_Task brief_.
The full set of records is to be reproduced verbatim.

START Data for this exercise

(* Consider the troll-farm voting model described in the context, and let $x\in(0,\tfrac12)\cup(\tfrac12,1)$. The sender's optimal choice $(\alpha_x,\tilde F_x)$ for voters of type $x$ is unique and is as follows. (i) If $x\in(0,\tfrac12)$: the mass of trolls is $\alpha_x=\dfrac{\kappa_x[s^*(x)]}{\kappa_x[s^*(x)]+1}$ and the density of trolls' messages is $$\tilde f_x(s)=\begin{cases}\dfrac{1-\alpha_x}{\alpha_x}\,\kappa_x'(s) & \text{if } s<s^*(x),\\[1mm] 0 & \text{if } s\ge s^*(x),\end{cases}$$ and under this choice $\pi_x(s)=x$ for all $s\le s^*(x)$. (ii) If $x\in(\tfrac12,1)$: the mass of trolls is $\alpha_x=\dfrac{\kappa_x[s^*(x)]+1}{\kappa_x[s^*(x)]}$ and the density of trolls' messages is $$\tilde f_x(s)=\begin{cases}0 & \text{if } s<s^*(x),\\[1mm] \dfrac{1-\alpha_x}{\alpha_x}\,\kappa_x'(s) & \text{if } s\ge s^*(x),\end{cases}$$ and under this choice $\pi_x(s)=x$ for all $s\ge s^*(x)$.
   Context: Model. There is an unknown state $\theta\in\{0,1\}$, each state having prior probability $\tfrac12$. There is a continuum of voters of mass one; each voter has a type $x\in\mathbb{R}$, types being distributed according to a cdf $H$ with density $h$ having full support on $\mathbb{R}$. A voter of type $x$ who votes for the government receives payoff $1-x$ if $\theta=1$ and $-x$ if $\theta=0$; voting against gives payoff $0$. In state $\theta$, each voter independently draws an informative signal $s\in\mathbb{R}$ from a cdf $F_\theta$ with density $f_\theta$ having full support on $\mathbb{R}$, where $f_0(0)=f_1(0)$ and the likelihood ratio $m(s)=f_1(s)/f_0(s)$ is strictly increasing in $s$. For $x\in(0,1)$ let $s^*(x)=m^{-1}\!\left(\frac{x}{1-x}\right)$ (the cutoff signal above which a type-$x$ voter votes for the government absent trolls). A sender chooses, for each type $x$, a number $\alpha_x\in[0,1]$ (mass of trolls) and a probability distribution $\tilde F_x$ on $\mathbb{R}$ with density $\tilde f_x$ (trolls' messages, not depending on the state). A voter of type $x$ observes, with probability $1-\alpha_x$, her informative signal drawn from $F_\theta$, and with probability $\alpha_x$ a message drawn from $\tilde F_x$, without knowing which. After observing $s$ her posterior that $\theta=1$ is $$\pi_x(s)=\frac{(1-\alpha_x)f_1(s)+\alpha_x\tilde f_x(s)}{(1-\alpha_x)f_1(s)+\alpha_x\tilde f_x(s)+(1-\alpha_x)f_0(s)+\alpha_x\tilde f_x(s)},$$ and she votes for the government iff $\pi_x(s)\ge x$. Her probability of voting for the government in state $\theta$ is $p_\theta(x)=\int_{\{s:\pi_x(s)\ge x\}}[(1-\alpha_x)f_\theta(s)+\alpha_x\tilde f_x(s)]\,ds$, and the government's vote share in state $\theta$ is $V_\theta=\int p_\theta(x)\,dH(x)$. The sender's payoff is $u(V_\theta)$ for a strictly increasing function $u$; she chooses $(\alpha_x,\tilde F_x)_{x\in\mathbb{R}}$ to maximise the expectation $\tfrac12u(V_0)+\tfrac12u(V_1)$, and among choices yielding the same vote shares in both states she strictly prefers $(\alpha_x,\tilde F_x)_x$ over $(\alpha'_x,\tilde F'_x)_x$ whenever $\alpha_x\le\alpha'_x$ for all $x$ with strict inequality for some $x$. Notation: for $x\ne\tfrac12$, $\kappa_x(s):=\dfrac{xF_0(s)-(1-x)F_1(s)}{1-2x}$, and $\kappa_x'$ denotes its derivative in $s$. *)

theory Defs
  imports "HOL-Analysis.Analysis"
begin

END Data for this exercise

_Your response_.
(* Consider the troll-farm voting model described in the context, and let $x\in(0,\tfrac12)\cup(\tfrac12,1)$. The sender's optimal choice $(\alpha_x,\tilde F_x)$ for voters of type $x$ is unique and is as follows. (i) If $x\in(0,\tfrac12)$: the mass of trolls is $\alpha_x=\dfrac{\kappa_x[s^*(x)]}{\kappa_x[s^*(x)]+1}$ and the density of trolls' messages is $$\tilde f_x(s)=\begin{cases}\dfrac{1-\alpha_x}{\alpha_x}\,\kappa_x'(s) & \text{if } s<s^*(x),\\[1mm] 0 & \text{if } s\ge s^*(x),\end{cases}$$ and under this choice $\pi_x(s)=x$ for all $s\le s^*(x)$. (ii) If $x\in(\tfrac12,1)$: the mass of trolls is $\alpha_x=\dfrac{\kappa_x[s^*(x)]+1}{\kappa_x[s^*(x)]}$ and the density of trolls' messages is $$\tilde f_x(s)=\begin{cases}0 & \text{if } s<s^*(x),\\[1mm] \dfrac{1-\alpha_x}{\alpha_x}\,\kappa_x'(s) & \text{if } s\ge s^*(x),\end{cases}$$ and under this choice $\pi_x(s)=x$ for all $s\ge s^*(x)$.
   Context: Model. There is an unknown state $\theta\in\{0,1\}$, each state having prior probability $\tfrac12$. There is a continuum of voters of mass one; each voter has a type $x\in\mathbb{R}$, types being distributed according to a cdf $H$ with density $h$ having full support on $\mathbb{R}$. A voter of type $x$ who votes for the government receives payoff $1-x$ if $\theta=1$ and $-x$ if $\theta=0$; voting against gives payoff $0$. In state $\theta$, each voter independently draws an informative signal $s\in\mathbb{R}$ from a cdf $F_\theta$ with density $f_\theta$ having full support on $\mathbb{R}$, where $f_0(0)=f_1(0)$ and the likelihood ratio $m(s)=f_1(s)/f_0(s)$ is strictly increasing in $s$. For $x\in(0,1)$ let $s^*(x)=m^{-1}\!\left(\frac{x}{1-x}\right)$ (the cutoff signal above which a type-$x$ voter votes for the government absent trolls). A sender chooses, for each type $x$, a number $\alpha_x\in[0,1]$ (mass of trolls) and a probability distribution $\tilde F_x$ on $\mathbb{R}$ with density $\tilde f_x$ (trolls' messages, not depending on the state). A voter of type $x$ observes, with probability $1-\alpha_x$, her informative signal drawn from $F_\theta$, and with probability $\alpha_x$ a message drawn from $\tilde F_x$, without knowing which. After observing $s$ her posterior that $\theta=1$ is $$\pi_x(s)=\frac{(1-\alpha_x)f_1(s)+\alpha_x\tilde f_x(s)}{(1-\alpha_x)f_1(s)+\alpha_x\tilde f_x(s)+(1-\alpha_x)f_0(s)+\alpha_x\tilde f_x(s)},$$ and she votes for the government iff $\pi_x(s)\ge x$. Her probability of voting for the government in state $\theta$ is $p_\theta(x)=\int_{\{s:\pi_x(s)\ge x\}}[(1-\alpha_x)f_\theta(s)+\alpha_x\tilde f_x(s)]\,ds$, and the government's vote share in state $\theta$ is $V_\theta=\int p_\theta(x)\,dH(x)$. The sender's payoff is $u(V_\theta)$ for a strictly increasing function $u$; she chooses $(\alpha_x,\tilde F_x)_{x\in\mathbb{R}}$ to maximise the expectation $\tfrac12u(V_0)+\tfrac12u(V_1)$, and among choices yielding the same vote shares in both states she strictly prefers $(\alpha_x,\tilde F_x)_x$ over $(\alpha'_x,\tilde F'_x)_x$ whenever $\alpha_x\le\alpha'_x$ for all $x$ with strict inequality for some $x$. Notation: for $x\ne\tfrac12$, $\kappa_x(s):=\dfrac{xF_0(s)-(1-x)F_1(s)}{1-2x}$, and $\kappa_x'$ denotes its derivative in $s$. *)

theory Defs
  imports "HOL-Analysis.Analysis"
begin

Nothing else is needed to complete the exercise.